Collected data entries:
= = = =
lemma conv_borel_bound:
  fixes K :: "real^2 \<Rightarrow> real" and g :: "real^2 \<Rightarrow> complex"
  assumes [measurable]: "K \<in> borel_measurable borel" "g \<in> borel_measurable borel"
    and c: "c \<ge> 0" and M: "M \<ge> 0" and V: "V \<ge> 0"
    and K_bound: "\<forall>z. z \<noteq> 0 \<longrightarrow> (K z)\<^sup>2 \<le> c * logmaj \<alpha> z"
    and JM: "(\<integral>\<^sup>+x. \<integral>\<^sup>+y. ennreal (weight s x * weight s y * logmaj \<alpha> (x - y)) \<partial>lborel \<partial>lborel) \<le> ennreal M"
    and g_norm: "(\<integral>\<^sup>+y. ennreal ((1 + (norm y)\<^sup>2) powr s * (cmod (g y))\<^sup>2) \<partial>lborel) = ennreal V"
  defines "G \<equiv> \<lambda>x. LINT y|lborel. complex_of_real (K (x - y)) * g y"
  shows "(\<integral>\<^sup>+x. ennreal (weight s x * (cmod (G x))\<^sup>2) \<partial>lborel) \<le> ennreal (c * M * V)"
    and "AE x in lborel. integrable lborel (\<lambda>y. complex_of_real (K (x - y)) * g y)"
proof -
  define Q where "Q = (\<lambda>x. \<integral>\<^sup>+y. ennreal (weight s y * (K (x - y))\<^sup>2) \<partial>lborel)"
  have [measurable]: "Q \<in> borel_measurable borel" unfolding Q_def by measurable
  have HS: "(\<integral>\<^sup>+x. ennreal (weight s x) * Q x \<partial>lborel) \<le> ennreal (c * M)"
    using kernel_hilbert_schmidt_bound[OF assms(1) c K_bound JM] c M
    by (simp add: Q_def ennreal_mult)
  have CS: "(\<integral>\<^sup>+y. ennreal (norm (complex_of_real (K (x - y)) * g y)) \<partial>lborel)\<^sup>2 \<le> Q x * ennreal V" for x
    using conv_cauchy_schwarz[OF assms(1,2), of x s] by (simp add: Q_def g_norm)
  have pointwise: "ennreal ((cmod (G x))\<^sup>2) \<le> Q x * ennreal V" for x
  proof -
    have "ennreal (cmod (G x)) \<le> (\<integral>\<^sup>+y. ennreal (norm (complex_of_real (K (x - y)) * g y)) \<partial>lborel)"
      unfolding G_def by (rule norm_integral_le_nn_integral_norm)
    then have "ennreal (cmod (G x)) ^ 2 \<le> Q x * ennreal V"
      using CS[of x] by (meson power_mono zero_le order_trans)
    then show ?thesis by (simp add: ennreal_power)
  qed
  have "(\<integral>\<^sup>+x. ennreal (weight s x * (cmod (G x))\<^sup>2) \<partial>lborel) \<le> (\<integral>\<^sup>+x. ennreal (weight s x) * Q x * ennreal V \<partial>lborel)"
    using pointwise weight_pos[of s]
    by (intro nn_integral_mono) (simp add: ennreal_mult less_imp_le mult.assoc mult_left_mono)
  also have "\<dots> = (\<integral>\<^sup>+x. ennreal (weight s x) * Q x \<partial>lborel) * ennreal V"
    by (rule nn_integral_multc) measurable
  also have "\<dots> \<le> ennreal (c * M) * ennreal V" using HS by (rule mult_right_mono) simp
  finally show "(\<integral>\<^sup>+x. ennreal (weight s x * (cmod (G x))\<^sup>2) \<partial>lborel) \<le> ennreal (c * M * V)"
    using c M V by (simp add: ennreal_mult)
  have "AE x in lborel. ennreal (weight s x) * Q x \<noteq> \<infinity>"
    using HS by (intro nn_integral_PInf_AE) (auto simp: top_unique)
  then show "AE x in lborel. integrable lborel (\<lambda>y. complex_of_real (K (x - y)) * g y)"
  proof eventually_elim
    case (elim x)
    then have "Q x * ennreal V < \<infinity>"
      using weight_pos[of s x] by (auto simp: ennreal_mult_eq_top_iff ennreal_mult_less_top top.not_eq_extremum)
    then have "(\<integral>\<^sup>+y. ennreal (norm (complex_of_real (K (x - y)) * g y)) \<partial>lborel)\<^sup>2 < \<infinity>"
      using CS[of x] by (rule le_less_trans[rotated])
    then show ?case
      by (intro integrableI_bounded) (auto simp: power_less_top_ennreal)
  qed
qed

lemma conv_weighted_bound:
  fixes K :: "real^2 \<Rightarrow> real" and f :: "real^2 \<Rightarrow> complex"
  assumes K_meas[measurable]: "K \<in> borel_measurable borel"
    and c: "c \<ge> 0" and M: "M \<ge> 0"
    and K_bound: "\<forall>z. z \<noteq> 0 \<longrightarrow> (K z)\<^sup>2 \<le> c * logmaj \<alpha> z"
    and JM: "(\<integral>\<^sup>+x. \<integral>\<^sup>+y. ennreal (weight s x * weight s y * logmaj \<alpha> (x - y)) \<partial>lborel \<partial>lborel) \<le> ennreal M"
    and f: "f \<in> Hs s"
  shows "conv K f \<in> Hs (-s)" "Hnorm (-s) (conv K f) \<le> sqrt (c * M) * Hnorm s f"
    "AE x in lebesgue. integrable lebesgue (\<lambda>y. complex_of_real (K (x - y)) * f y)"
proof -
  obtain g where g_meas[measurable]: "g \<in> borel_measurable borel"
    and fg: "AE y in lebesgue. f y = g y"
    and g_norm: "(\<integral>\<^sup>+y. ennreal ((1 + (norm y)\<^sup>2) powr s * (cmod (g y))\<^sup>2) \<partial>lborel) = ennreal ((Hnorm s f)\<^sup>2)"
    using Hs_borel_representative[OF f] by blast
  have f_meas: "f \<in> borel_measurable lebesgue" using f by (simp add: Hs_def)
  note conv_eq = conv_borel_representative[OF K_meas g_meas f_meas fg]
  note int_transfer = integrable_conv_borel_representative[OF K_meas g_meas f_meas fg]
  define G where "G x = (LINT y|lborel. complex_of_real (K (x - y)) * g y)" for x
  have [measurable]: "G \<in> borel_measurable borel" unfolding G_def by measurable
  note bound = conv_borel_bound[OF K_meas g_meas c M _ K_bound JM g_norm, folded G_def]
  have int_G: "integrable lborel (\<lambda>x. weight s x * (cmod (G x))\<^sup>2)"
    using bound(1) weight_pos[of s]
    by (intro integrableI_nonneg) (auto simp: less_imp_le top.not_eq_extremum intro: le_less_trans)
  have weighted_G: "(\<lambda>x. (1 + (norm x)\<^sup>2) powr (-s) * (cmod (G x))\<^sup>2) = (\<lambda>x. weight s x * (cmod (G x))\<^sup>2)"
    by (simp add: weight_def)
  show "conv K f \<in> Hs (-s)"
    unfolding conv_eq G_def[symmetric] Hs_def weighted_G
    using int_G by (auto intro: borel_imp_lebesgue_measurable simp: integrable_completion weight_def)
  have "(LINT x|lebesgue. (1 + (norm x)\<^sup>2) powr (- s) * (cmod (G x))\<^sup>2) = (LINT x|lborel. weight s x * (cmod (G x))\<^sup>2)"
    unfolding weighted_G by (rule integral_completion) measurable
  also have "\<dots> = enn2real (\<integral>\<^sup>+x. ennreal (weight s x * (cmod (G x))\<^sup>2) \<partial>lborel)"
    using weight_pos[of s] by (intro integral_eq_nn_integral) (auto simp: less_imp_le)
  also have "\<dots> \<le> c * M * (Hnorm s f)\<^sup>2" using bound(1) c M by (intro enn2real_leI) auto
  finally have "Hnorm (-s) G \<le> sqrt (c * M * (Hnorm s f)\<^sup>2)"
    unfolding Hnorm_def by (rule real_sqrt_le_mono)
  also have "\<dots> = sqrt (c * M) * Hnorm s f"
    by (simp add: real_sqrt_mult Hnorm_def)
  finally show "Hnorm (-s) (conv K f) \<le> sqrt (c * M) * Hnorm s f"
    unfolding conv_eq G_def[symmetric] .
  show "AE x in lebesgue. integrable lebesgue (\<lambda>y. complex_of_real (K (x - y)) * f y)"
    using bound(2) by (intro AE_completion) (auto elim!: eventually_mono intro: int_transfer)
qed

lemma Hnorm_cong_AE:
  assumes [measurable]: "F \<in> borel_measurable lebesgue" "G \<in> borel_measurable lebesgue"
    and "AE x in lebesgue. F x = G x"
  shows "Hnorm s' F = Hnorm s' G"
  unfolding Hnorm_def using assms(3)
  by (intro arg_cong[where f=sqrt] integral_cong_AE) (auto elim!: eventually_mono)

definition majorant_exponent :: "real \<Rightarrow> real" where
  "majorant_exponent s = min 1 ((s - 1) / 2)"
= = = =
A single number is the whole answer: the count of lines above that hold "lambda".

Answer:
8